Kingdom Holding Company
- Native name: شركة المملكة القابضة
- Type: Joint-stock company
- Traded as: Tadawul: 4280
- ISIN: SA31RG522S19
- Founded: 1980; 46 years ago
- Headquarters: Riyadh, Saudi Arabia
- Key people: Prince Alwaleed Bin Talal (Chairman); Eng. Talal Ibrahim Al Maiman (CEO);
- Revenue: 1,759,917,000 Saudi riyal (2019)
- Operating income: 2,498,508,000 Saudi riyal (2023)
- Net income: 988,243,000 Saudi riyal (2023)
- AUM: US$ 13.6 billion (2022)
- Total assets: 54,098,335,000 Saudi riyal (2023)
- Owner: Al-Waleed bin Talal (78.13%); Public Investment Fund (16.87%);
- Website: www.kingdom.com.sa

= Kingdom Holding Company =

Saudi conglomerate holding company

The Kingdom Holding Company (KHC; شركة المملكة القابضة) is a Saudi holding company, based in Riyadh and listed on the Saudi stock exchange.

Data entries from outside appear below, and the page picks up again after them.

lemma expected_energy_spectral:
  assumes P: "\<Phi> \<in> carrier_mat R N" and orth: "real M \<cdot>\<^sub>m (\<Phi> * transpose_mat \<Phi>) = 1\<^sub>m R"
    and "M > 0"
  shows "expected_energy \<sigma>x \<sigma>0 Q \<pi> H N \<Phi> =
    \<sigma>x\<^sup>2 * (\<Sum>l<N. \<mu> l * spectral_weight \<Phi> (e l)) + \<sigma>0\<^sup>2 * (R / M)"
proof -
  have noise: "(\<Sum>m<R. \<Sum>n<N. (\<Phi> $$ (m, n))\<^sup>2) = R / M"
    using scaled_orthogonal_rows[OF P orth \<open>M > 0\<close>] by (simp add: power2_eq_square)
  have "(\<Sum>m<R. \<Sum>i<N. \<Sum>j<N. \<Phi> $$ (m, i) * Heq $$ (i, j) * \<Phi> $$ (m, j)) =
      (\<Sum>m<R. \<Sum>l<N. \<mu> l * (\<Sum>n<N. \<Phi> $$ (m, n) * e l $ n)\<^sup>2)"
    using e_complete e_eigen_entry
    by (intro sum.cong refl quadratic_form_eigen_expansion[where E="\<lambda>l n. e l $ n"]) auto
  also have "\<dots> = (\<Sum>l<N. \<mu> l * spectral_weight \<Phi> (e l))"
    using P by (simp add: spectral_weight_def sum_distrib_left) (rule sum.swap)
  finally show ?thesis
    using expected_energy_quadratic_form[OF Heq_eq H_dim \<pi>_sum \<sigma>x_pos \<sigma>0_pos P] noise by simp
qed

lemma spectral_weight_bounds:
  assumes "\<Phi> \<in> carrier_mat R N" "real M \<cdot>\<^sub>m (\<Phi> * transpose_mat \<Phi>) = 1\<^sub>m R" "M > 0" "l < N"
  shows "0 \<le> spectral_weight \<Phi> (e l) \<and> spectral_weight \<Phi> (e l) \<le> 1 / M"
  using spectral_weight_le[OF assms(1-3)] e_inner[of l l] assms(4)
  by (auto simp: spectral_weight_def power2_eq_square intro: sum_nonneg)

lemma sum_spectral_weights:
  assumes P: "\<Phi> \<in> carrier_mat R N" and orth: "real M \<cdot>\<^sub>m (\<Phi> * transpose_mat \<Phi>) = 1\<^sub>m R"
    and "M > 0"
  shows "(\<Sum>l<N. spectral_weight \<Phi> (e l)) = R * (1 / M)"
proof -
  have "(\<Sum>l<N. spectral_weight \<Phi> (e l)) = (\<Sum>m<R. \<Sum>l<N. (\<Sum>n<N. \<Phi> $$ (m, n) * e l $ n)\<^sup>2)"
    using P by (simp add: spectral_weight_def) (rule sum.swap)
  also have "\<dots> = (\<Sum>m<R. \<Sum>n<N. (\<Phi> $$ (m, n))\<^sup>2)"
    using e_complete by (intro sum.cong refl parseval_identity[where E="\<lambda>l n. e l $ n"]) auto
  also have "\<dots> = R * (1 / M)"
    using scaled_orthogonal_rows[OF P orth \<open>M > 0\<close>] by (simp add: power2_eq_square)
  finally show ?thesis .
qed

lemma expected_energy_le_top:
  assumes "\<Phi> \<in> carrier_mat R N" "real M \<cdot>\<^sub>m (\<Phi> * transpose_mat \<Phi>) = 1\<^sub>m R" "M > 0"
    and "0 < R" "R \<le> N" and mono: "\<And>i j. i \<le> j \<Longrightarrow> j < N \<Longrightarrow> \<mu> j \<le> \<mu> i"
  shows "expected_energy \<sigma>x \<sigma>0 Q \<pi> H N \<Phi> \<le> \<sigma>x\<^sup>2 * (1 / M * (\<Sum>l<R. \<mu> l)) + \<sigma>0\<^sup>2 * (R / M)"
proof -
  have "(\<Sum>l<N. \<mu> l * spectral_weight \<Phi> (e l)) \<le> 1 / M * (\<Sum>l<R. \<mu> l)" (is "?lhs \<le> ?rhs")
    using assms spectral_weight_bounds sum_spectral_weights by (intro weighted_sum_le_top) auto
  then have "\<sigma>x\<^sup>2 * ?lhs \<le> \<sigma>x\<^sup>2 * ?rhs" by (rule mult_left_mono) simp
  then show ?thesis using expected_energy_spectral[OF assms(1-3)] by simp
qed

KHC's founder and chairman is Prince Al-Waleed bin Talal, while Engineer Talal Ibrahim Al Maimand is chief executive officer.

==Investments==
The company's investments are spread in financial services, real estate, tourism and hospitality, media, entertainment, petrochemicals, aviation and technology.

Current investments include:
- Four Seasons Hotels & Resorts (Canada-based) (owns 23.75% with Cascade Investment, LLC, and others)
- Fairmont Raffles Swissotel (minority ownership with Accor)
- Hotel George V (100%) (France)
- National Industrialization Company (100%) (Saudi Arabia)
- Rotana Group (روتانا), entertainment company (100%) (Saudi Arabia)
- xAI (minority stake)

KHC had previously invested in 21st Century Fox (US / 6% minority stake, sold in 2017); 360buy (China / now publicly traded as JD.com); Amazon (US); AOL / Time Warner (US); Apple (US); Canary Wharf (UK); Euro Disney S.A.S. (France / now owned by The Walt Disney Company on an 87.15%; Mövenpick Hotels & Resorts (Switzerland / 33% minority stake, sold in 2018 to Accor); X Corp. (US / minority stake, now owned by xAI); and in many others.

== Other endeavors ==
The company hired the first Saudi female commercial pilot, Captain Hanadi Zakaria al-Hindi, who trained at the Mideast Aviation Academy in Jordan.